__What the exercise asks__
In the records below, find the lines that include the string "times" and report how many there are, nothing else.

Saved data entries
-----

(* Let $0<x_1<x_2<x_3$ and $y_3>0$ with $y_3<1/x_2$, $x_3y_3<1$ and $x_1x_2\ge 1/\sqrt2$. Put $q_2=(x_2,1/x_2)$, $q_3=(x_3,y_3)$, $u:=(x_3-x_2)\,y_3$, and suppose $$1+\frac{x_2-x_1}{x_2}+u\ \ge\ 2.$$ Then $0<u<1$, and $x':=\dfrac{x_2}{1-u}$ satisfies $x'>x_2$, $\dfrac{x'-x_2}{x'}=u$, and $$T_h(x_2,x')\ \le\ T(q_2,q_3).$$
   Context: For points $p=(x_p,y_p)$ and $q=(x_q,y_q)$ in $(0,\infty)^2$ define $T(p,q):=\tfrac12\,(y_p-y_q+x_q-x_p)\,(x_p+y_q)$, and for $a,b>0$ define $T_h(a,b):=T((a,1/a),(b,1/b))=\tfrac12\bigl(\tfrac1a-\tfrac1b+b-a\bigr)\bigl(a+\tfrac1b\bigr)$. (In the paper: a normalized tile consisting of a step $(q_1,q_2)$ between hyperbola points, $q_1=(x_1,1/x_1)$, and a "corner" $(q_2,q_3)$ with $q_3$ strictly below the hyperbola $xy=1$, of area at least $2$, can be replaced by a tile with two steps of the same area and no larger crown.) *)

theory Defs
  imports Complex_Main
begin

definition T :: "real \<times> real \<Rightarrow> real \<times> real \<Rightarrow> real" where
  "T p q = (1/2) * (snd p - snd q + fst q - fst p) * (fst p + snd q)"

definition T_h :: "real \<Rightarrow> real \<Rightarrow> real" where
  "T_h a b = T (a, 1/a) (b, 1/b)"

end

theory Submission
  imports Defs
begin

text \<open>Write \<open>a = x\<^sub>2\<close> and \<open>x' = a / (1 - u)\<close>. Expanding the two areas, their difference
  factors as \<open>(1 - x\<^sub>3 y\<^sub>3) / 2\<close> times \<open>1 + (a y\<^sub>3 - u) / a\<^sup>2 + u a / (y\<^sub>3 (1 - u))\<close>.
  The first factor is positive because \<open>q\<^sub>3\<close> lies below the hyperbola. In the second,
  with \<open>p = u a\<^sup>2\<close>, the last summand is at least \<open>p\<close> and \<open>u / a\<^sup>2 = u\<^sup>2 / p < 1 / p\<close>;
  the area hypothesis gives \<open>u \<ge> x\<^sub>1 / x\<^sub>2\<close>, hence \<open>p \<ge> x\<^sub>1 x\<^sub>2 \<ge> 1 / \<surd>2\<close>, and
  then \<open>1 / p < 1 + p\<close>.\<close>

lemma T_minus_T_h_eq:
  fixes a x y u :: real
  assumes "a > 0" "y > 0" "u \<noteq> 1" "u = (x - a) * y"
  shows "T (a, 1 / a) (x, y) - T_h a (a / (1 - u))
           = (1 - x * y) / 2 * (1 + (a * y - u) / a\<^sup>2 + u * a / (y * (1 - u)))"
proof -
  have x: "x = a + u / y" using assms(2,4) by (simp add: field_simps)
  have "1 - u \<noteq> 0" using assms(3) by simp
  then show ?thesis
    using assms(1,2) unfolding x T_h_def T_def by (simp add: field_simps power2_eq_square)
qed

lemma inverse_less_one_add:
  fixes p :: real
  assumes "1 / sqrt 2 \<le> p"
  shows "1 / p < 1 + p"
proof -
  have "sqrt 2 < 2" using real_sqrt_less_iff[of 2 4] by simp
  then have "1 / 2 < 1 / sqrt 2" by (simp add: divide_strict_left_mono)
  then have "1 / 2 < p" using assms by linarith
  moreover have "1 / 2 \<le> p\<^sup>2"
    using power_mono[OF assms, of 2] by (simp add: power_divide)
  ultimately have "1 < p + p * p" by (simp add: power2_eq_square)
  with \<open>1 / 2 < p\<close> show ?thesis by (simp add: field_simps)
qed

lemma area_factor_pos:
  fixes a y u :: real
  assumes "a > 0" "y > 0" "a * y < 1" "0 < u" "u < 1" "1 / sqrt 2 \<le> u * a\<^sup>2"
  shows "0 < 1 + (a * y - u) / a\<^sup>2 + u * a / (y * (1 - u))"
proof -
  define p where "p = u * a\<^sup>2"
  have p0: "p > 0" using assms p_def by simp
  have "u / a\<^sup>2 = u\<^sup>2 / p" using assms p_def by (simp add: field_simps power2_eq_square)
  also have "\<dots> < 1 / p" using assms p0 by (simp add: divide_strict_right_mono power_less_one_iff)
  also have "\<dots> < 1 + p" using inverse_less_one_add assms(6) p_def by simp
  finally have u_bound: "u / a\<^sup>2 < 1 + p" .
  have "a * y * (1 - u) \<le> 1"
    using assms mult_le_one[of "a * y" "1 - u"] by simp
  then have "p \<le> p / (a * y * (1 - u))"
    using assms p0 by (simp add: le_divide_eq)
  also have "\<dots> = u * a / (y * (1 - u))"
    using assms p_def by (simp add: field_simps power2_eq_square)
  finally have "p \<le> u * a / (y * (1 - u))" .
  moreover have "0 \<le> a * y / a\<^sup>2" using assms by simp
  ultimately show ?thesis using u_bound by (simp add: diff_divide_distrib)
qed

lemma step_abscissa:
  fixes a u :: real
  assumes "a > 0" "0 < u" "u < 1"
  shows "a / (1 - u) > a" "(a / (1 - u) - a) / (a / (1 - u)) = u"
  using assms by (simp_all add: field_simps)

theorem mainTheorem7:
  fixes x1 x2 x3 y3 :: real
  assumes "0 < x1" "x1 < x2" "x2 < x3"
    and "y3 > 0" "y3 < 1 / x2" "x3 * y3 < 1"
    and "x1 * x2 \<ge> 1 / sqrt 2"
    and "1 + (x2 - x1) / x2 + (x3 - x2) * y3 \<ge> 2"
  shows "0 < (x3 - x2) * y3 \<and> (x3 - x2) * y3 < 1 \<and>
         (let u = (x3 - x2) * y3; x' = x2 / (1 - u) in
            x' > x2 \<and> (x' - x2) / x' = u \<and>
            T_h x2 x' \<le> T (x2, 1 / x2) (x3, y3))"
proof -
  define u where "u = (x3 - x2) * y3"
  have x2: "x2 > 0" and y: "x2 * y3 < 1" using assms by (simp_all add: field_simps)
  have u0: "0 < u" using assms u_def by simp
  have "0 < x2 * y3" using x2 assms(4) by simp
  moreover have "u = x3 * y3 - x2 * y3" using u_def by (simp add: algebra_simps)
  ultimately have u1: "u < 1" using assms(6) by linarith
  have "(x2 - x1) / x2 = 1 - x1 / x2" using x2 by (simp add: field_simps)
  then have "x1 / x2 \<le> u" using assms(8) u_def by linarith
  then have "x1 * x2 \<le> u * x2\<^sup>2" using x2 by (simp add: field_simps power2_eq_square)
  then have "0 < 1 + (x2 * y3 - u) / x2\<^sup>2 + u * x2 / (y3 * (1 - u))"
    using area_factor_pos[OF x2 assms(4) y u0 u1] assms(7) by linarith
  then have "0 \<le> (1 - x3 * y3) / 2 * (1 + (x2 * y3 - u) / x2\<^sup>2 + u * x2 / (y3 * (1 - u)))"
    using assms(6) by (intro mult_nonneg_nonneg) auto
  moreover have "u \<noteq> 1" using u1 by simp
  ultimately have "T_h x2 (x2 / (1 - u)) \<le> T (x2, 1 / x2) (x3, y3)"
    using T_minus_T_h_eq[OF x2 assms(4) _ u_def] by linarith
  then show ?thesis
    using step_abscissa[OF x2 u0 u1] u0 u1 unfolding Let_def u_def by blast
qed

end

-----

__Exercise response__
2